リースに比べ支払い金額が抑えられる買い取り

 

クリニックの開業準備において、医療機器の選定は頭を悩ませる難問です。しかし問題はそればかりではありません。迷って決めたその機器を買い取る(購入)のか? リースにするのか? クリニックに迎え入れる手段についても慎重に検討する必要があるのです。
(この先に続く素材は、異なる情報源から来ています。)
lemma layer_bound_le_sum_interval:
  fixes f :: "nat \<Rightarrow> real"
  assumes j: "j \<in> {1..e}" and "e \<le> m" and min: "\<And>k. k \<in> {1..e} \<Longrightarrow> f j \<le> f k"
  shows "layer_bound f m j \<le> (\<Sum>k=1..e. f k) + (real m - real e) * f j"
proof -
  have "(\<Sum>k=1..e. f k) = (\<Sum>k=1..j. f k) + (\<Sum>k=Suc j..e. f k)"
    using j by (subst sum.union_disjoint[symmetric]) (auto intro: sum.cong)
  moreover have "real (e - j) * f j \<le> (\<Sum>k=Suc j..e. f k)"
    using sum_mono[of "{Suc j..e}" "\<lambda>_. f j" f] j min by simp
  ultimately show ?thesis
    using j \<open>e \<le> m\<close> unfolding layer_bound_def by (simp add: of_nat_diff algebra_simps)
qed

lemma layer_bound_le_sum_comp:
  fixes f :: "nat \<Rightarrow> real" and d :: "'a \<Rightarrow> nat"
  assumes "finite S" "S \<noteq> {}" and img: "d ` S = {1..e}"
  shows "\<exists>j\<in>{1..card S}. layer_bound f (card S) j \<le> (\<Sum>v\<in>S. f (d v))"
proof -
  have "e \<le> card S" using img card_image_le[OF \<open>finite S\<close>, of d] by simp
  have "{1..e} \<noteq> {}" using img \<open>S \<noteq> {}\<close> by blast
  then obtain j where j: "j \<in> {1..e}" "f j = Min (f ` {1..e})"
    using Min_in[of "f ` {1..e}"] by (metis finite_atLeastAtMost finite_imageI image_iff image_is_empty)
  then have min: "\<And>k. k \<in> {1..e} \<Longrightarrow> f j \<le> f k" by simp
  have "layer_bound f (card S) j \<le> (\<Sum>v\<in>S. f (d v))"
    using layer_bound_le_sum_interval[of j e "card S" f, OF j(1) \<open>e \<le> card S\<close> min]
      sum_comp_ge_sum_interval[OF assms(1) img, of f j, OF min] by linarith
  moreover have "j \<in> {1..card S}" using j(1) \<open>e \<le> card S\<close> by simp
  ultimately show ?thesis by blast
qed

lemma sum_k_power_closed_form:
  fixes lam :: real assumes "lam \<noteq> 1"
  shows "(\<Sum>k=1..D. real k * lam ^ k)
    = lam * (1 - real (D + 1) * lam ^ D + real D * lam ^ (D + 1)) / (lam - 1)^2"
proof (induction D)
  case (Suc D)
  have "(lam - 1)^2 \<noteq> 0" using assms by simp
  with Suc show ?case by (simp add: field_simps power2_eq_square)
qed simp

lemma broom_bound_eq_layer_bound:
  fixes lam :: real assumes "lam \<noteq> 1"
  shows "broom_bound lam n D = layer_bound (\<lambda>k. real k * lam ^ k) (n - 1) D"
  unfolding broom_bound_def layer_bound_def sum_k_power_closed_form[OF assms]
  by (simp add: diff_commute)

lemma simple_graph_finite: "simple_graph V E \<Longrightarrow> finite V"
  by (simp add: simple_graph_def)

lemma successively_potential_le:
  assumes "successively E xs" "xs \<noteq> []" "\<And>a b. E a b \<Longrightarrow> p b \<le> p a + (1::nat)"
  shows "p (last xs) \<le> p (hd xs) + (length xs - 1)"
  using assms
proof (induction xs rule: induct_list012)
  case (3 x y xs)
  then have "p (last (y # xs)) \<le> p y + length xs" by auto
  moreover have "p y \<le> p x + 1" using 3 by auto
  ultimately show ?case by simp
qed auto

lemma gdist_le_walk_length:
  assumes "walk V E xs" "hd xs = u" "last xs = v"
  shows "gdist V E u v \<le> length xs - 1"
proof -
  have "\<exists>ys. walk V E ys \<and> hd ys = u \<and> last ys = v \<and> length ys = (length xs - 1) + 1"
    using assms by (intro exI[of _ xs]) (auto simp: walk_def)
  then show ?thesis unfolding gdist_def by (rule Least_le)
qed

lemma shortest_walk:
  assumes "\<exists>xs. walk V E xs \<and> hd xs = u \<and> last xs = v"
  obtains xs where "walk V E xs" "hd xs = u" "last xs = v" "length xs = gdist V E u v + 1"
proof -
  from assms obtain xs where xs: "walk V E xs" "hd xs = u" "last xs = v" by blast
  then have "\<exists>k xs. walk V E xs \<and> hd xs = u \<and> last xs = v \<and> length xs = k + 1"
    by (intro exI[of _ "length xs - 1"] exI[of _ xs]) (auto simp: walk_def)
  from LeastI_ex[OF this] that show ?thesis unfolding gdist_def by blast
qed

lemma potential_le_gdist:
  assumes "\<exists>xs. walk V E xs \<and> hd xs = u \<and> last xs = v"
    and "\<And>a b. E a b \<Longrightarrow> p b \<le> p a + (1::nat)" and "p u = 0"
  shows "p v \<le> gdist V E u v"
proof -
  obtain xs where "walk V E xs" "hd xs = u" "last xs = v" "length xs = gdist V E u v + 1"
    using shortest_walk[OF assms(1)] by blast
  then show ?thesis using successively_potential_le[of E xs p] assms(2,3) by (auto simp: walk_def)
qed

context
  fixes V :: "'a set" and E u
  assumes sg: "simple_graph V E" and cg: "connected_graph V E" and uV: "u \<in> V"
begin

lemma reachable: "v \<in> V \<Longrightarrow> \<exists>xs. walk V E xs \<and> hd xs = u \<and> last xs = v"
  using cg uV unfolding connected_graph_def by blast

lemma gdist_self: "gdist V E u u = 0"
  using gdist_le_walk_length[of V E "[u]" u u] uV by (auto simp: walk_def)

lemma gdist_ge_1:
  assumes "v \<in> V" "v \<noteq> u"
  shows "1 \<le> gdist V E u v"
proof (rule ccontr)
  assume "\<not> 1 \<le> gdist V E u v"
  then have "gdist V E u v = 0" by simp
  moreover obtain xs where "walk V E xs" "hd xs = u" "last xs = v" "length xs = gdist V E u v + 1"
    using shortest_walk[OF reachable[OF assms(1)]] by blast
  ultimately have "u = v" by (cases xs) auto
  with assms show False by simp
qed

lemma gdist_neighbour_le:
  assumes "w \<in> V" "E w v"
  shows "gdist V E u v \<le> gdist V E u w + 1"
proof -
  obtain xs where xs: "walk V E xs" "hd xs = u" "last xs = w" "length xs = gdist V E u w + 1"
    using shortest_walk[OF reachable[OF assms(1)]] by blast
  have "v \<in> V" using sg assms unfolding simple_graph_def by blast
  then have "walk V E (xs @ [v])"
    using xs assms unfolding walk_def by (auto simp: successively_append_iff)
  then show ?thesis
    using gdist_le_walk_length[of V E "xs @ [v]" u v] xs by (auto simp: walk_def)
qed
機器を買い取ってしまうメリットとしてあげられるのが、リースに比べ多くのケースで支払い総額が抑えられること。購入のため借入する場合でもリース料率より低い金利であることが多いため、月々の支払いについても安く済みます。さらに取得価額500万円以上など、高額な医療機器に対する税制上の優遇措置もあり有利です。ただし減価償却費用や損害保険料など、複雑な会計処理が発生することは頭に入れておきましょう。将来、新機種に買い替える際には、処分料が発生することや業者に買い取ってもらうなど、廃棄コストや手間が発生することも忘れてはいけません。

 

医療機器の“賞味期限”によっても判断する

 

一方、リースは契約の際に多額の資金を準備しなくてよいという気軽さがあります。金融機関からの借入枠を使わないため、開業資金を別の投資へと回すこともできるでしょう。さらに全額経費として計上でき、会計処理も簡単。買い取りに比べ支払い総額が増えてしまうことを除けば、便利に使える仕組みとなっています。

 

こうなるとトータルコストの差で買い取りを選ぶか、導入の手軽さでリースを選ぶか迷うところですが、ここで検討の視点をもう一つ加えてみて下さい。それは、各機器の“賞味期限”。つまり「この先どれだけ第一線で使えるか」という視点です。ひと言に医療機器といっても様々な種類があります。機器に搭載されている技術がすでに成熟したものか発展中のものかで、耐用年数とは別の“使える期間”が見えてくるはずです。例えばX線装置など基本的な技術や構造に今後大きな変化がなさそうな機器は、CTやMRIといった先進機器よりも比較的長く使えるといえるでしょう。このような機器は買い取りを選択して代金の支払い後もずっと使えば、“元を取る”ことが可能です。逆に、技術革新とともに新製品が頻繁に発売されるような機器ならば、リース契約を選択することで常に最新型での医療を患者に提供できるのです。機器の特徴によって買い取りとリースを使い分けることも、ぜひ検討してみて下さい。

 

機器の最新情報は日頃から積極的に集めておく

 

しかしながら買い取りかリースか、検討の余地がない場合もあります。金融機関からの融資のめどが立たず、機器導入にあたってリースしか選べない時です。この場合でも、先に述べた機器の賞味期限の考え方を用いてみると良いでしょう。具体的には、リース期間を機器別に設定し契約を結ぶのです。長く使えそうなものはリース期間を長めに、モデルチェンジやバージョンアップが早そうな機器は短めにしておけば合理的です。もちろん機器ごとに個別の契約が可能かはリース会社に確認すべきですし、法定耐用年数による適正リース期間との兼ね合いもありますが、対応をお願いする価値はあるでしょう。また、日頃から各医療機器についての最新動向をチェックしておくと、どれだけ長く使えるかの予測が立てやすくなります。将来ご自身のクリニックで使うかもしれない機器の情報は積極的に集めておきましょう。